§ **GIVEN DATA**:
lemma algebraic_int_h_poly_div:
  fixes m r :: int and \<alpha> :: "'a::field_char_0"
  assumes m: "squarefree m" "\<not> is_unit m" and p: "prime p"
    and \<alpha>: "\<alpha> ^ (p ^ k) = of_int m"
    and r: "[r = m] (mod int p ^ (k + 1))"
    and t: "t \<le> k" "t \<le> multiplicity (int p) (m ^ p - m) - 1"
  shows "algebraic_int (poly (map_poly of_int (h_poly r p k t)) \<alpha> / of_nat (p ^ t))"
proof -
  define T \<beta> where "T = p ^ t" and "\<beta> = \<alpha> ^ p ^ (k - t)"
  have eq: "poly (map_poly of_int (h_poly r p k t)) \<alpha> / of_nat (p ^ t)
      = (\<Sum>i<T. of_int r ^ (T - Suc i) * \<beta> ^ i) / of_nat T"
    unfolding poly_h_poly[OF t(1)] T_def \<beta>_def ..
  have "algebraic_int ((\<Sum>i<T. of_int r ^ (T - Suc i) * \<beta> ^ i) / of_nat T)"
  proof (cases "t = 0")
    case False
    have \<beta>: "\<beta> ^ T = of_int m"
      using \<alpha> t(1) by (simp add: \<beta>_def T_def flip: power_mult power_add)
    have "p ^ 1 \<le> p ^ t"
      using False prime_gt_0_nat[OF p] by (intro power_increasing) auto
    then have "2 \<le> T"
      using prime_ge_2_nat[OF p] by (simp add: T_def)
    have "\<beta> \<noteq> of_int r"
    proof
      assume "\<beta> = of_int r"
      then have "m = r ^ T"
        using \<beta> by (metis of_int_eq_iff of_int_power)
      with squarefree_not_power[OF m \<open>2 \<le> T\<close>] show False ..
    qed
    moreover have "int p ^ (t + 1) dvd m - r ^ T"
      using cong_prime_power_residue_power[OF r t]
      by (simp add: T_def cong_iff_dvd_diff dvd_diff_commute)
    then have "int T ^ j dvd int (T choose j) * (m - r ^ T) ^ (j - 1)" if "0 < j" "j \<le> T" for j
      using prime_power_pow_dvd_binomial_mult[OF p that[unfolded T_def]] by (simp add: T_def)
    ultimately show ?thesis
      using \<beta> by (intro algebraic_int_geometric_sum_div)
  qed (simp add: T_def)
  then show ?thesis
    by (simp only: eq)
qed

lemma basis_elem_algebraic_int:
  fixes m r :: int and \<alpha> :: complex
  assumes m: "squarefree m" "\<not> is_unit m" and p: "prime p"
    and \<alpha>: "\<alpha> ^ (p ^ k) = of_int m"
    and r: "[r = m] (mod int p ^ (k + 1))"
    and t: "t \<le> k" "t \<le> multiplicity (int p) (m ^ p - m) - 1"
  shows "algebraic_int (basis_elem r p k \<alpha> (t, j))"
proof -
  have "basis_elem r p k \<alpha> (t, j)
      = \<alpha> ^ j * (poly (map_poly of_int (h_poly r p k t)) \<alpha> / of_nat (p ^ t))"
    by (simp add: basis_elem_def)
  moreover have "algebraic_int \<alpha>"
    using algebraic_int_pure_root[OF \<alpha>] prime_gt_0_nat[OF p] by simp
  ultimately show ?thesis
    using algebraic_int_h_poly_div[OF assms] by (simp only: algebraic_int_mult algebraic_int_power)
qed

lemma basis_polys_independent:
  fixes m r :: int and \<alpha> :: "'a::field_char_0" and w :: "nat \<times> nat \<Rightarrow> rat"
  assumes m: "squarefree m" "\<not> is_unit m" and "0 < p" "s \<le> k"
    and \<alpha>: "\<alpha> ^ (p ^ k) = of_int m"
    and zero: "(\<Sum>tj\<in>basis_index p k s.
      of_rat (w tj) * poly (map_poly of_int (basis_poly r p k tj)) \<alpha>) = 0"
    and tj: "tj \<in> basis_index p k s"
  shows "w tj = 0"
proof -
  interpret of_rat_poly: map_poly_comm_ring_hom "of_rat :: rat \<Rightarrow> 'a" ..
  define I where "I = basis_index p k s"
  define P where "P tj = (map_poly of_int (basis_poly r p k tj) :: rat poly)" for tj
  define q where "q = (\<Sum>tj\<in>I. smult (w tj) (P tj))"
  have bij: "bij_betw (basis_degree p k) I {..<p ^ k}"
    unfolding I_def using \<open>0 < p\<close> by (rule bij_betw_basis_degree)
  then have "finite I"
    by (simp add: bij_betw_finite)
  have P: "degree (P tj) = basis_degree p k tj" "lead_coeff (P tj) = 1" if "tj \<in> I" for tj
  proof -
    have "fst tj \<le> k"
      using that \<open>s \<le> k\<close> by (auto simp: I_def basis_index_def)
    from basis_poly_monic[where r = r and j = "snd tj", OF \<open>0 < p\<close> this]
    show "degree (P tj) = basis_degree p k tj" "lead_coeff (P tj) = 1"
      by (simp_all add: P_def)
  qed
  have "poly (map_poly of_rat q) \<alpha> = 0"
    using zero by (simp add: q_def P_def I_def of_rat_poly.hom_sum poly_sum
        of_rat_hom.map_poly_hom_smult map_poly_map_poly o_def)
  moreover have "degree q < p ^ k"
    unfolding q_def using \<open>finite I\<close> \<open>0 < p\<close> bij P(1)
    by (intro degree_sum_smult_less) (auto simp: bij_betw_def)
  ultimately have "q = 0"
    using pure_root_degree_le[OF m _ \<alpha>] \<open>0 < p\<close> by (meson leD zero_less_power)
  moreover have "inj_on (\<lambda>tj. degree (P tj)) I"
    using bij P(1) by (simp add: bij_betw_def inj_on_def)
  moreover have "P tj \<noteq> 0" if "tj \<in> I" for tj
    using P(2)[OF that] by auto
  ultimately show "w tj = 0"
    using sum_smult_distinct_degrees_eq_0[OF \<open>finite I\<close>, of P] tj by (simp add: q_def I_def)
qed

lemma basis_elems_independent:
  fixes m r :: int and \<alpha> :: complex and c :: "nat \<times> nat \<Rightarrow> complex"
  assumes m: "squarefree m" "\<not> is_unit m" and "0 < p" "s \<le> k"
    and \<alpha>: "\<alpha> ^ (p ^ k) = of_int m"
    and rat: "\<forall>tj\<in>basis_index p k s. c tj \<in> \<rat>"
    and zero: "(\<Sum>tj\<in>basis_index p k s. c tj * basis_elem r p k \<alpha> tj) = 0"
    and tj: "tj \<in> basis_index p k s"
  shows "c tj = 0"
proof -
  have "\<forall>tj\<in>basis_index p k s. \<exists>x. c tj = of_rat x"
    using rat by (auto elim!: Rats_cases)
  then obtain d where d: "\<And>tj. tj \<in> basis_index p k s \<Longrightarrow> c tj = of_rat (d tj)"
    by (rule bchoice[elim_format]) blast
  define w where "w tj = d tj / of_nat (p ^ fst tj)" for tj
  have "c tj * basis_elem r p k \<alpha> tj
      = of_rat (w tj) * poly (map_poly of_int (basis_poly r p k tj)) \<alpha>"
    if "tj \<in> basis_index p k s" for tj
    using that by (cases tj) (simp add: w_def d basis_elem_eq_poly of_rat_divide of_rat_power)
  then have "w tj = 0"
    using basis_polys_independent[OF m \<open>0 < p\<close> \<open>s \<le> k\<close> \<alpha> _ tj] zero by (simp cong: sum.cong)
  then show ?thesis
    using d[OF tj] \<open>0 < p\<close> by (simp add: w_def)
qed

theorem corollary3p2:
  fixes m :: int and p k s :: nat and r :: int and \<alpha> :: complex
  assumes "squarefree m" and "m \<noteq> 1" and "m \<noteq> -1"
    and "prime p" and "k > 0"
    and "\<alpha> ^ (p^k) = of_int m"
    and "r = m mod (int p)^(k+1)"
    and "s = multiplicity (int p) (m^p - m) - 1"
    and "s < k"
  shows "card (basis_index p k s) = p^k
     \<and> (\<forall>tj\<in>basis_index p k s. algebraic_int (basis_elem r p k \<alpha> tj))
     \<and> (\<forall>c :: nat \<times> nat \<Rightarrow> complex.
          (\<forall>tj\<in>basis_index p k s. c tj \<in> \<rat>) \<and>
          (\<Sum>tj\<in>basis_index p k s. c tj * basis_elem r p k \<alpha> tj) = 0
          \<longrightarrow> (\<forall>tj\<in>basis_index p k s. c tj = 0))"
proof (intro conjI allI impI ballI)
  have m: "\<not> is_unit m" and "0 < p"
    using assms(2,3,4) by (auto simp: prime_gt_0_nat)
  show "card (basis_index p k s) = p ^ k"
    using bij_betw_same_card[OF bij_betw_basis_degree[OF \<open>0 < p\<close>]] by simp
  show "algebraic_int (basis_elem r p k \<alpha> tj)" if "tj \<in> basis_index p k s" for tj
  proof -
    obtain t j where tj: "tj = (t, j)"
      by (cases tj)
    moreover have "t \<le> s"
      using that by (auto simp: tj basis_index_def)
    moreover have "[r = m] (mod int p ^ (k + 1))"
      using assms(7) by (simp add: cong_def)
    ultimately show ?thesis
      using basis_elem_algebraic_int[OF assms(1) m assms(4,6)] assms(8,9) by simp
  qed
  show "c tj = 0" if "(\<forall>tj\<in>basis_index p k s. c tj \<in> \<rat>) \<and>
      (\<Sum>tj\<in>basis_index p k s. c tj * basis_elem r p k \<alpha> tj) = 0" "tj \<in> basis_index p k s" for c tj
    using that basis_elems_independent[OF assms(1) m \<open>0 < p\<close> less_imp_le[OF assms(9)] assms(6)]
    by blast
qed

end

§ **WHAT IS REQUIRED**: Within the records, filter for lines that contain the word "complex" and show each one.

§ **WRITTEN SOLUTION**:
  fixes m r :: int and \<alpha> :: complex
  fixes m r :: int and \<alpha> :: complex and c :: "nat \<times> nat \<Rightarrow> complex"
  fixes m :: int and p k s :: nat and r :: int and \<alpha> :: complex
     \<and> (\<forall>c :: nat \<times> nat \<Rightarrow> complex.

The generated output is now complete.